lemma maximizer_strict_decreasing:
  assumes m: "is_maximizer x"
  shows "x (Suc j) < x j"
proof -
  have x: "admissible B x" using m by (simp add: is_maximizer_def)
  have "(1 - p) * slope_spend x (Suc j) = slope_spend x j - p * slope_residual x j"
    using maximizer_recursion[OF m] by (simp add: recursion_iff)
  moreover have "p * slope_residual x j < p * slope_spend x j"
    using slope_residual_lt_slope_spend[OF m, of j] p_pos by simp
  ultimately have "(1 - p) * slope_spend x j < (1 - p) * slope_spend x (Suc j)"
    by (simp add: algebra_simps)
  then have "slope_spend x j < slope_spend x (Suc j)"
    using p_lt_1 by simp
  then have "1 + \<gamma> * x (Suc j) < 1 + \<gamma> * x j"
    using one_plus_pos(1)[OF x] by (simp add: slope_spend_def divide_less_eq less_divide_eq)
  then show ?thesis using \<gamma>_pos by simp
qed

lemma recursion_unique:
  assumes m: "is_maximizer x" and "\<And>j. 0 \<le> y j" "recursion y" "y sums B"
  shows "y = x"
proof -
  have y: "admissible B y" using assms(2,4) by (simp add: admissible_def sums_iff)
  have "T x \<le> T y"
    using is_maximizer_of_recursion[OF y \<open>recursion y\<close>] m by (simp add: is_maximizer_def)
  moreover have "T y \<le> T x" using m y by (simp add: is_maximizer_def)
  ultimately show ?thesis using maximizer_unique[OF m y] by simp
qed

lemma SUP_T_eq_maximizer:
  assumes "is_maximizer x"
  shows "(SUP y\<in>{y. admissible B y}. ereal (T y)) = ereal (T x)"
proof (rule antisym)
  show "(SUP y\<in>{y. admissible B y}. ereal (T y)) \<le> ereal (T x)"
    using assms by (intro SUP_least) (simp add: is_maximizer_def)
  show "ereal (T x) \<le> (SUP y\<in>{y. admissible B y}. ereal (T y))"
    using assms by (intro SUP_upper) (simp add: is_maximizer_def)
qed

text \<open>Every admissible sequence is a limit of mixtures with a fixed positive one, along which \<open>T\<close>
  is bounded below by concavity; so bounds on positive sequences extend to all of them.\<close>

lemma T_le_of_positive_bound:
  assumes bound: "\<And>y. admissible B y \<Longrightarrow> (\<And>j. 0 < y j) \<Longrightarrow> T y \<le> c" and x: "admissible B x"
  shows "T x \<le> c"
proof (rule field_le_epsilon)
  fix \<epsilon> :: real assume "0 < \<epsilon>"
  define y0 where "y0 j = B * (1 / 2) ^ Suc j" for j
  have y0_pos: "0 < y0 j" for j using B_pos by (simp add: y0_def)
  have "y0 sums (B * 1)" unfolding y0_def by (intro sums_mult power_half_series)
  then have y0: "admissible B y0" using y0_pos by (auto simp: admissible_def sums_iff less_imp_le)
  define M where "M = \<bar>T x - T y0\<bar> + 1"
  define t where "t = min 1 (\<epsilon> / M)"
  have M: "0 < M" by (simp add: M_def add_nonneg_pos)
  have t: "0 < t" "t \<le> 1" using \<open>0 < \<epsilon>\<close> M by (auto simp: t_def)
  have "t * M \<le> \<epsilon>" using M by (simp add: t_def min_mult_distrib_right pos_divide_le_eq)
  have "(1 - t) * T x + t * T y0 \<le> T (mix t x y0)" using t by (intro T_concave[OF x y0]) auto
  also have "\<dots> \<le> c"
  proof (rule bound)
    show "admissible B (mix t x y0)" using t by (intro admissible_mix[OF x y0]) auto
    show "0 < mix t x y0 j" for j
      using t y0_pos[of j] admissible_bounds(1)[OF x, of j] by (simp add: mix_def add_nonneg_pos)
  qed
  finally have "T x \<le> c + t * (T x - T y0)" by (simp add: algebra_simps)
  also have "\<dots> \<le> c + t * M" using t by (simp add: M_def mult_left_mono)
  finally show "T x \<le> c + \<epsilon>" using \<open>t * M \<le> \<epsilon>\<close> by simp
qed

end

section \<open>Stationary rules realizing a given sequence\<close>

text \<open>A sequence with positive entries has strictly increasing partial sums, so the battery level
  \<open>B - (\<Sum>k<j. y k)\<close> determines \<open>j\<close>; spending \<open>y j\<close> at that level induces \<open>y\<close>.\<close>

definition rule_of_seq :: "real \<Rightarrow> (nat \<Rightarrow> real) \<Rightarrow> real \<Rightarrow> real" where
  "rule_of_seq B y b = (if \<exists>j. b = B - (\<Sum>k<j. y k) then y (THE j. b = B - (\<Sum>k<j. y k)) else 0)"

lemma rule_of_seq_at:
  assumes pos: "\<And>j. 0 < y j"
  shows "rule_of_seq B y (B - (\<Sum>k<j. y k)) = y j"
proof -
  have mono: "strict_mono (\<lambda>n. \<Sum>k<n. y k)" using pos by (intro strict_monoI_Suc) simp
  have the: "(THE i. B - (\<Sum>k<j. y k) = B - (\<Sum>k<i. y k)) = j"
  proof (rule the_equality)
    fix i assume "B - (\<Sum>k<j. y k) = B - (\<Sum>k<i. y k)"
    then show "i = j" using strict_mono_eq[OF mono, of i j] by simp
  qed simp
  have "\<exists>i. B - (\<Sum>k<j. y k) = B - (\<Sum>k<i. y k)" by blast
  then show ?thesis unfolding rule_of_seq_def the by (simp only: if_True)
qed

lemma ind_batt_rule_of_seq: "(\<And>j. 0 < y j) \<Longrightarrow> ind_batt B (rule_of_seq B y) j = B - (\<Sum>k<j. y k)"
  by (induction j) (simp_all add: rule_of_seq_at)

lemma induced_seq_rule_of_seq: "(\<And>j. 0 < y j) \<Longrightarrow> induced_seq B (rule_of_seq B y) = y"
  by (simp add: fun_eq_iff induced_seq_def ind_batt_rule_of_seq rule_of_seq_at)

lemma rule_of_seq_bounds:
  assumes y: "admissible B y" and pos: "\<And>j. 0 < y j" and "0 \<le> b"
  shows "0 \<le> rule_of_seq B y b \<and> rule_of_seq B y b \<le> b"
proof (cases "\<exists>j. b = B - (\<Sum>k<j. y k)")
  case True
  then obtain j where j: "b = B - (\<Sum>k<j. y k)" by blast
  have "(\<Sum>k<Suc j. y k) \<le> suminf y"
    using y pos by (intro sum_le_suminf) (auto simp: admissible_def less_imp_le)
  then have "y j \<le> b" using y j by (simp add: admissible_def)
  then show ?thesis using j rule_of_seq_at[OF pos, where B = B and j = j] pos[of j] by simp
next
  case False
  then show ?thesis using \<open>0 \<le> b\<close> by (simp add: rule_of_seq_def)
qed

lemma T_inf_le_opt_value:
  assumes "0 < p" "p < 1" "0 < \<gamma>" "0 < B" "1 \<le> w"
    and y: "admissible B y" and pos: "\<And>j. 0 < y j"
  shows "ereal (T_inf p \<gamma> B w y) \<le> opt_value p \<gamma> B w"
proof -
  interpret stationary_throughput B w "rule_of_seq B y" p \<gamma>
    using assms rule_of_seq_bounds[OF y pos] by unfold_locales auto
  have "ereal (T_inf p \<gamma> B w y)
      = liminf (\<lambda>T. ereal (avg_throughput p \<gamma> w (stat_policy B w (rule_of_seq B y)) T))"
    using liminf_avg_throughput induced_seq_rule_of_seq[OF pos] by simp
  also have "\<dots> \<le> opt_value p \<gamma> B w"
    unfolding opt_value_def using feasible_stat_policy by (intro SUP_upper) simp
  finally show ?thesis .
qed

theorem theorem1:
  fixes p \<gamma> B :: real and w :: nat and Afun :: "real \<Rightarrow> real"
  assumes "0 < p" and "p < 1" and "\<gamma> > 0" and "B > 0" and "w \<ge> 1"
    and "\<forall>b. 0 \<le> b \<and> b \<le> B \<longrightarrow> 0 \<le> Afun b \<and> Afun b \<le> b"
    and "feasible_policy B w (stat_policy B w Afun)"
    and "liminf (\<lambda>T. ereal (avg_throughput p \<gamma> w (stat_policy B w Afun) T)) = opt_value p \<gamma> B w"
  shows "(opt_value p \<gamma> B w = (SUP x\<in>{x. admissible B x}. ereal (T_inf p \<gamma> B w x)))
    \<and> (admissible B (induced_seq B Afun)
         \<and> (\<forall>x. admissible B x \<longrightarrow> T_inf p \<gamma> B w x \<le> T_inf p \<gamma> B w (induced_seq B Afun))
         \<and> (\<forall>x. admissible B x \<and> T_inf p \<gamma> B w x = T_inf p \<gamma> B w (induced_seq B Afun)
               \<longrightarrow> x = induced_seq B Afun))
    \<and> ((\<forall>j. (1 - p) / (1 + \<gamma> * induced_seq B Afun (Suc j))
               = 1 / (1 + \<gamma> * induced_seq B Afun j)
                 - p / (1 + (\<gamma> / real w) * (B - (\<Sum>i\<le>j. induced_seq B Afun i))))
         \<and> induced_seq B Afun sums B
         \<and> (\<forall>x. (\<forall>j. 0 \<le> x j) \<and>
               (\<forall>j. (1 - p) / (1 + \<gamma> * x (Suc j))
                    = 1 / (1 + \<gamma> * x j) - p / (1 + (\<gamma> / real w) * (B - (\<Sum>i\<le>j. x i))))
               \<and> x sums B \<longrightarrow> x = induced_seq B Afun))
    \<and> (\<forall>j. 0 < induced_seq B Afun j
           \<and> induced_seq B Afun (Suc j) < induced_seq B Afun j
           \<and> induced_seq B Afun j < (B - (\<Sum>i\<le>j. induced_seq B Afun i)) / real w)"
proof -
  interpret lookahead p \<gamma> B w using assms by unfold_locales
  interpret S: stationary_throughput B w Afun p \<gamma> using assms by unfold_locales auto
  let ?\<xi> = "induced_seq B Afun"
  have opt: "opt_value p \<gamma> B w = ereal (T ?\<xi>)" using assms(8) S.liminf_avg_throughput by simp
  have "T x \<le> T ?\<xi>" if "admissible B x" for x
    using T_le_of_positive_bound[OF _ that] T_inf_le_opt_value[OF assms(1-5)] opt by simp
  then have max: "is_maximizer ?\<xi>"
    using S.admissible_induced_seq by (simp add: is_maximizer_def)
  have rec: "recursion ?\<xi>" by (rule maximizer_recursion[OF max])
  have "?\<xi> sums B"
    using recursion_sum_eq_B[OF S.admissible_induced_seq rec] S.admissible_induced_seq
    by (simp add: admissible_def sums_iff)
  then show ?thesis
    using opt SUP_T_eq_maximizer[OF max] max maximizer_unique[OF max] rec recursion_unique[OF max]
      maximizer_pos[OF max] maximizer_strict_decreasing[OF max] maximizer_lt_residual[OF max]
    unfolding is_maximizer_def recursion_def residual_def by auto
qed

• • • •

WHAT TO WORK ON: Word for word, restate the lines of the listing above starting at the line with "(simp add: y0_def)" and ending at the line with "text \<open>A sequence", and nothing outside them.

TASK SOLUTION:
  have y0_pos: "0 < y0 j" for j using B_pos by (simp add: y0_def)
  have "y0 sums (B * 1)" unfolding y0_def by (intro sums_mult power_half_series)
  then have y0: "admissible B y0" using y0_pos by (auto simp: admissible_def sums_iff less_imp_le)
  define M where "M = \<bar>T x - T y0\<bar> + 1"
  define t where "t = min 1 (\<epsilon> / M)"
  have M: "0 < M" by (simp add: M_def add_nonneg_pos)
  have t: "0 < t" "t \<le> 1" using \<open>0 < \<epsilon>\<close> M by (auto simp: t_def)
  have "t * M \<le> \<epsilon>" using M by (simp add: t_def min_mult_distrib_right pos_divide_le_eq)
  have "(1 - t) * T x + t * T y0 \<le> T (mix t x y0)" using t by (intro T_concave[OF x y0]) auto
  also have "\<dots> \<le> c"
  proof (rule bound)
    show "admissible B (mix t x y0)" using t by (intro admissible_mix[OF x y0]) auto
    show "0 < mix t x y0 j" for j
      using t y0_pos[of j] admissible_bounds(1)[OF x, of j] by (simp add: mix_def add_nonneg_pos)
  qed
  finally have "T x \<le> c + t * (T x - T y0)" by (simp add: algebra_simps)
  also have "\<dots> \<le> c + t * M" using t by (simp add: M_def mult_left_mono)
  finally show "T x \<le> c + \<epsilon>" using \<open>t * M \<le> \<epsilon>\<close> by simp
qed

end

section \<open>Stationary rules realizing a given sequence\<close>

text \<open>A sequence with positive entries has strictly increasing partial sums, so the battery level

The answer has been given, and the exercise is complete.